Write out again only the lines running from the one that contains "unfolding NF_eq_minimal_rules_simplify minimal_rules_def" to the end of the records below, including both the first and the last.

============================================================

(* Let $P$ be a program over a propositional signature $\Sigma$. Then $NF(P)$ is in normal form, and $NF(P)$ is strongly equivalent to $P$.
   Context: A program over $\Sigma$ is a finite set of rules $r$ of the form $a_1\vee\dots\vee a_k\leftarrow b_1,\dots,b_l,\ not\,c_1,\dots,not\,c_m,\ not\,not\,d_1,\dots,not\,not\,d_n$ with all atoms in $\Sigma$ and $k,l,m,n\ge 0$. Write $H(r)=\{a_1,\dots,a_k\}$, $B^+(r)=\{b_1,\dots,b_l\}$, $B^-(r)=\{c_1,\dots,c_m\}$, $B^{--}(r)=\{d_1,\dots,d_n\}$, and $B(r)=B^+(r)\cup\{not\,c: c\in B^-(r)\}\cup\{not\,not\,d: d\in B^{--}(r)\}$ (the body; its elements are called literals). For $I\subseteq\Sigma$, the reduct is $P^I=\{H(r)\leftarrow B^+(r): r\in P,\ B^-(r)\cap I=\emptyset,\ B^{--}(r)\subseteq I\}$. A set $I$ classically satisfies $r$ if $B^+(r)\subseteq I$, $B^-(r)\cap I=\emptyset$ and $B^{--}(r)\subseteq I$ together imply $H(r)\cap I\neq\emptyset$. An HT-interpretation $\langle X,Y\rangle$ with $X\subseteq Y$ is an HT-model of $P$ if $Y$ classically satisfies every rule of $P$ and $X$ classically satisfies every rule of $P^Y$. $Y$ is an answer set of $P$ if $\langle Y,Y\rangle$ is an HT-model of $P$ and no $\langle X,Y\rangle$ with $X\subsetneq Y$ is. $AS(P)$ denotes the set of answer sets. Programs $P_1,P_2$ are strongly equivalent if $AS(P_1\cup R)=AS(P_2\cup R)$ for every program $R$. A rule $r$ is tautological if $H(r)\cap B^+(r)\ne\emptyset$, or $B^+(r)\cap B^-(r)\ne\emptyset$, or $B^-(r)\cap B^{--}(r)\ne\emptyset$. A rule $r\in P$ is minimal in $P$ if there is no $r'\in P$ with ($H(r')\subseteq H(r)$ and $B(r')\subsetneq B(r)$) or ($H(r')\subsetneq H(r)$ and $B(r')\subseteq B(r)$). $P$ is in normal form if: (i) for every atom $a$ and every $r\in P$, at most one of $a$, $not\,a$, $not\,not\,a$ is in $B(r)$; (ii) if $a\in H(r)$ then neither $a$ nor $not\,a$ is in $B(r)$; (iii) every rule of $P$ is minimal in $P$. The program $NF(P)$ is obtained from $P$ by: 1. removing all tautological rules; 2. in each remaining rule $r$, removing from $B^{--}(r)$ every atom that is in $B^+(r)$; 3. in each remaining rule $r$, removing from $H(r)$ every atom that is in $B^-(r)$; 4. removing from the resulting program all rules that are not minimal in it. *)

theory Defs
  imports Main
begin

text \<open>Atoms range over the type 'a (the signature). A rule is
  H <- B+, not B-, not not B--, each component a finite set of atoms.\<close>

record 'a rule =
  hd :: "'a set"
  bpos :: "'a set"
  bneg :: "'a set"
  bnn :: "'a set"

datatype 'a lit = Pos 'a | Neg 'a | NNeg 'a

definition body :: "'a rule \<Rightarrow> 'a lit set" where
  "body r = Pos ` bpos r \<union> Neg ` bneg r \<union> NNeg ` bnn r"

definition is_rule :: "'a rule \<Rightarrow> bool" where
  "is_rule r \<longleftrightarrow> finite (hd r) \<and> finite (bpos r) \<and> finite (bneg r) \<and> finite (bnn r)"

definition is_program :: "'a rule set \<Rightarrow> bool" where
  "is_program P \<longleftrightarrow> finite P \<and> (\<forall>r\<in>P. is_rule r)"

definition reduct :: "'a rule set \<Rightarrow> 'a set \<Rightarrow> 'a rule set" where
  "reduct P I = {\<lparr>hd = hd r, bpos = bpos r, bneg = {}, bnn = {}\<rparr> | r.
                  r \<in> P \<and> bneg r \<inter> I = {} \<and> bnn r \<subseteq> I}"

definition csat_rule :: "'a set \<Rightarrow> 'a rule \<Rightarrow> bool" where
  "csat_rule I r \<longleftrightarrow>
     (bpos r \<subseteq> I \<and> bneg r \<inter> I = {} \<and> bnn r \<subseteq> I \<longrightarrow> hd r \<inter> I \<noteq> {})"

definition csat :: "'a set \<Rightarrow> 'a rule set \<Rightarrow> bool" where
  "csat I P \<longleftrightarrow> (\<forall>r\<in>P. csat_rule I r)"

definition ht_model :: "'a set \<Rightarrow> 'a set \<Rightarrow> 'a rule set \<Rightarrow> bool" where
  "ht_model X Y P \<longleftrightarrow> X \<subseteq> Y \<and> csat Y P \<and> csat X (reduct P Y)"

definition answer_set :: "'a set \<Rightarrow> 'a rule set \<Rightarrow> bool" where
  "answer_set Y P \<longleftrightarrow> ht_model Y Y P \<and> \<not> (\<exists>X. X \<subset> Y \<and> ht_model X Y P)"

definition AS :: "'a rule set \<Rightarrow> 'a set set" where
  "AS P = {Y. answer_set Y P}"

definition strongly_equiv :: "'a rule set \<Rightarrow> 'a rule set \<Rightarrow> bool" where
  "strongly_equiv P1 P2 \<longleftrightarrow> (\<forall>R. is_program R \<longrightarrow> AS (P1 \<union> R) = AS (P2 \<union> R))"

definition tautological :: "'a rule \<Rightarrow> bool" where
  "tautological r \<longleftrightarrow> hd r \<inter> bpos r \<noteq> {} \<or> bpos r \<inter> bneg r \<noteq> {} \<or> bneg r \<inter> bnn r \<noteq> {}"

definition minimal_in :: "'a rule \<Rightarrow> 'a rule set \<Rightarrow> bool" where
  "minimal_in r P \<longleftrightarrow> \<not> (\<exists>r'\<in>P. (hd r' \<subseteq> hd r \<and> body r' \<subset> body r) \<or>
                                   (hd r' \<subset> hd r \<and> body r' \<subseteq> body r))"

definition normal_form :: "'a rule set \<Rightarrow> bool" where
  "normal_form P \<longleftrightarrow>
     (\<forall>r\<in>P. \<forall>a. card ({Pos a, Neg a, NNeg a} \<inter> body r) \<le> 1) \<and>
     (\<forall>r\<in>P. \<forall>a\<in>hd r. Pos a \<notin> body r \<and> Neg a \<notin> body r) \<and>
     (\<forall>r\<in>P. minimal_in r P)"

definition NF :: "'a rule set \<Rightarrow> 'a rule set" where
  "NF P = (let P1 = {r\<in>P. \<not> tautological r};
               P2 = (\<lambda>r. r\<lparr>bnn := bnn r - bpos r\<rparr>) ` P1;
               P3 = (\<lambda>r. r\<lparr>hd := hd r - bneg r\<rparr>) ` P2
           in {r\<in>P3. minimal_in r P3})"

end

theory Submission
  imports Defs
begin

text \<open>An HT-interpretation is an HT-model of a program iff it HT-satisfies each rule separately,
  so programs with the same HT-models remain indistinguishable after adding any program R, and
  hence are strongly equivalent. Every step of NF preserves HT-models: tautological rules are
  HT-satisfied by all pairs, the deletions of steps 2 and 3 are harmless since X \<subseteq> Y, and a
  non-minimal rule is entailed by a minimal rule subsuming it, which exists because rules are
  finite. The normal form conditions (i) and (ii) follow from non-tautology together with
  steps 2 and 3, and (iii) holds because a rule minimal in a program stays minimal in every
  subprogram.\<close>

definition ht_sat_rule :: "'a set \<Rightarrow> 'a set \<Rightarrow> 'a rule \<Rightarrow> bool" where
  "ht_sat_rule X Y r \<longleftrightarrow> csat_rule Y r \<and>
     (bneg r \<inter> Y = {} \<and> bnn r \<subseteq> Y \<longrightarrow> bpos r \<subseteq> X \<longrightarrow> hd r \<inter> X \<noteq> {})"

definition simplify_rule :: "'a rule \<Rightarrow> 'a rule" where
  "simplify_rule r = r\<lparr>bnn := bnn r - bpos r, hd := hd r - bneg r\<rparr>"

definition minimal_rules :: "'a rule set \<Rightarrow> 'a rule set" where
  "minimal_rules P = {r \<in> P. minimal_in r P}"

lemma NF_eq_minimal_rules_simplify:
  "NF P = minimal_rules (simplify_rule ` {r \<in> P. \<not> tautological r})"
  unfolding NF_def Let_def minimal_rules_def simplify_rule_def image_image by simp

lemma csat_reduct_iff:
  "csat X (reduct P Y) \<longleftrightarrow>
     (\<forall>r\<in>P. bneg r \<inter> Y = {} \<and> bnn r \<subseteq> Y \<longrightarrow> bpos r \<subseteq> X \<longrightarrow> hd r \<inter> X \<noteq> {})"
  unfolding csat_def reduct_def csat_rule_def by fastforce

lemma ht_model_iff_ht_sat_rule:
  "ht_model X Y P \<longleftrightarrow> X \<subseteq> Y \<and> (\<forall>r\<in>P. ht_sat_rule X Y r)"
  unfolding ht_model_def ht_sat_rule_def csat_reduct_iff by (auto simp: csat_def)

lemma ht_model_Un:
  "ht_model X Y (P \<union> Q) \<longleftrightarrow> ht_model X Y P \<and> ht_model X Y Q"
  unfolding ht_model_iff_ht_sat_rule by auto

lemma strongly_equiv_if_same_ht_models:
  assumes "\<And>X Y. ht_model X Y P \<longleftrightarrow> ht_model X Y Q"
  shows "strongly_equiv P Q"
  unfolding strongly_equiv_def AS_def answer_set_def by (simp add: ht_model_Un assms)

lemma ht_model_remove_tautological:
  "ht_model X Y {r \<in> P. \<not> tautological r} \<longleftrightarrow> ht_model X Y P"
  unfolding ht_model_iff_ht_sat_rule ht_sat_rule_def tautological_def csat_rule_def by blast

lemma ht_sat_simplify_rule:
  "X \<subseteq> Y \<Longrightarrow> ht_sat_rule X Y (simplify_rule r) \<longleftrightarrow> ht_sat_rule X Y r"
  unfolding ht_sat_rule_def simplify_rule_def csat_rule_def by auto

lemma ht_model_simplify_rule:
  "ht_model X Y (simplify_rule ` P) \<longleftrightarrow> ht_model X Y P"
  unfolding ht_model_iff_ht_sat_rule by (auto simp: ht_sat_simplify_rule)

lemma subset_body_iff:
  "body s \<subseteq> body r \<longleftrightarrow> bpos s \<subseteq> bpos r \<and> bneg s \<subseteq> bneg r \<and> bnn s \<subseteq> bnn r"
  unfolding body_def by auto

lemma ht_sat_rule_subsumed:
  assumes "hd s \<subseteq> hd r" "body s \<subseteq> body r" "ht_sat_rule X Y s"
  shows "ht_sat_rule X Y r"
  using assms unfolding subset_body_iff ht_sat_rule_def csat_rule_def by blast

lemma finite_body: "is_rule r \<Longrightarrow> finite (body r)"
  unfolding is_rule_def body_def by auto

lemma exists_minimal_rule_subsuming:
  assumes rules: "\<forall>s\<in>P. is_rule s" and "r \<in> P"
  shows "\<exists>s\<in>minimal_rules P. hd s \<subseteq> hd r \<and> body s \<subseteq> body r"
  using \<open>r \<in> P\<close>
proof (induction "card (hd r) + card (body r)" arbitrary: r rule: less_induct)
  case less
  show ?case
  proof (cases "minimal_in r P")
    case True
    with less.prems show ?thesis unfolding minimal_rules_def by blast
  next
    case False
    then obtain t where "t \<in> P" and t_below:
      "(hd t \<subseteq> hd r \<and> body t \<subset> body r) \<or> (hd t \<subset> hd r \<and> body t \<subseteq> body r)"
      unfolding minimal_in_def by blast
    have "finite (hd r)" "finite (body r)"
      using rules less.prems finite_body unfolding is_rule_def by auto
    then have "card (hd t) + card (body t) < card (hd r) + card (body r)"
      using t_below by (meson add_le_less_mono add_less_le_mono card_mono psubset_card_mono)
    with less.hyps \<open>t \<in> P\<close> obtain s
      where "s \<in> minimal_rules P" "hd s \<subseteq> hd t" "body s \<subseteq> body t"
      by blast
    with t_below show ?thesis by blast
  qed
qed

lemma ht_model_minimal_rules:
  assumes "\<forall>r\<in>P. is_rule r"
  shows "ht_model X Y (minimal_rules P) \<longleftrightarrow> ht_model X Y P"
  unfolding ht_model_iff_ht_sat_rule
  using exists_minimal_rule_subsuming[OF assms] ht_sat_rule_subsumed
  by (fastforce simp: minimal_rules_def)

lemma is_rule_simplify_rule: "is_rule r \<Longrightarrow> is_rule (simplify_rule r)"
  unfolding is_rule_def simplify_rule_def by simp

lemma ht_model_NF:
  assumes "is_program P"
  shows "ht_model X Y (NF P) \<longleftrightarrow> ht_model X Y P"
proof -
  have "\<forall>r\<in>simplify_rule ` {r \<in> P. \<not> tautological r}. is_rule r"
    using assms is_rule_simplify_rule unfolding is_program_def by auto
  then show ?thesis
    unfolding NF_eq_minimal_rules_simplify
    by (simp add: ht_model_minimal_rules ht_model_simplify_rule ht_model_remove_tautological)
qed

lemma body_simplify_rule:
  "body (simplify_rule r) = Pos ` bpos r \<union> Neg ` bneg r \<union> NNeg ` (bnn r - bpos r)"
  unfolding body_def simplify_rule_def by simp

lemma card_lits_body_simplify_rule:
  assumes "\<not> tautological r"
  shows "card ({Pos a, Neg a, NNeg a} \<inter> body (simplify_rule r)) \<le> 1"
proof -
  have "bpos r \<inter> bneg r = {}" "bneg r \<inter> bnn r = {}"
    using assms unfolding tautological_def by auto
  then have "{Pos a, Neg a, NNeg a} \<inter> body (simplify_rule r)
      \<subseteq> {if a \<in> bpos r then Pos a else if a \<in> bneg r then Neg a else NNeg a}"
    unfolding body_simplify_rule by auto
  then obtain l where "{Pos a, Neg a, NNeg a} \<inter> body (simplify_rule r) \<subseteq> {l}"
    by blast
  then have "card ({Pos a, Neg a, NNeg a} \<inter> body (simplify_rule r)) \<le> card {l}"
    by (intro card_mono) auto
  then show ?thesis by simp
qed

lemma head_not_in_body_simplify_rule:
  assumes "\<not> tautological r" "a \<in> hd (simplify_rule r)"
  shows "Pos a \<notin> body (simplify_rule r) \<and> Neg a \<notin> body (simplify_rule r)"
  using assms unfolding tautological_def body_simplify_rule
  by (auto simp: simplify_rule_def)

lemma minimal_in_minimal_rules: "r \<in> minimal_rules P \<Longrightarrow> minimal_in r (minimal_rules P)"
  unfolding minimal_rules_def minimal_in_def by blast

lemma normal_form_NF: "normal_form (NF P)"
proof -
  have "NF P \<subseteq> simplify_rule ` {r. \<not> tautological r}"
    unfolding NF_eq_minimal_rules_simplify minimal_rules_def by blast
  then have "\<forall>r\<in>NF P. \<forall>a. card ({Pos a, Neg a, NNeg a} \<inter> body r) \<le> 1"
    and "\<forall>r\<in>NF P. \<forall>a\<in>hd r. Pos a \<notin> body r \<and> Neg a \<notin> body r"
    using card_lits_body_simplify_rule head_not_in_body_simplify_rule by fastforce+
  moreover have "\<forall>r\<in>NF P. minimal_in r (NF P)"
    unfolding NF_eq_minimal_rules_simplify by (intro ballI minimal_in_minimal_rules)
  ultimately show ?thesis
    unfolding normal_form_def by (intro conjI)
qed

theorem proposition1:
  fixes P :: "'a rule set"
  assumes "is_program P"
  shows "normal_form (NF P) \<and> strongly_equiv (NF P) P"
  using ht_model_NF[OF assms] by (intro conjI normal_form_NF strongly_equiv_if_same_ht_models)

end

============================================================

→ **Answer area**
    unfolding NF_eq_minimal_rules_simplify minimal_rules_def by blast
  then have "\<forall>r\<in>NF P. \<forall>a. card ({Pos a, Neg a, NNeg a} \<inter> body r) \<le> 1"
    and "\<forall>r\<in>NF P. \<forall>a\<in>hd r. Pos a \<notin> body r \<and> Neg a \<notin> body r"
    using card_lits_body_simplify_rule head_not_in_body_simplify_rule by fastforce+
  moreover have "\<forall>r\<in>NF P. minimal_in r (NF P)"
    unfolding NF_eq_minimal_rules_simplify by (intro ballI minimal_in_minimal_rules)
  ultimately show ?thesis
    unfolding normal_form_def by (intro conjI)
qed

theorem proposition1:
  fixes P :: "'a rule set"
  assumes "is_program P"
  shows "normal_form (NF P) \<and> strongly_equiv (NF P) P"
  using ht_model_NF[OF assms] by (intro conjI normal_form_NF strongly_equiv_if_same_ht_models)

end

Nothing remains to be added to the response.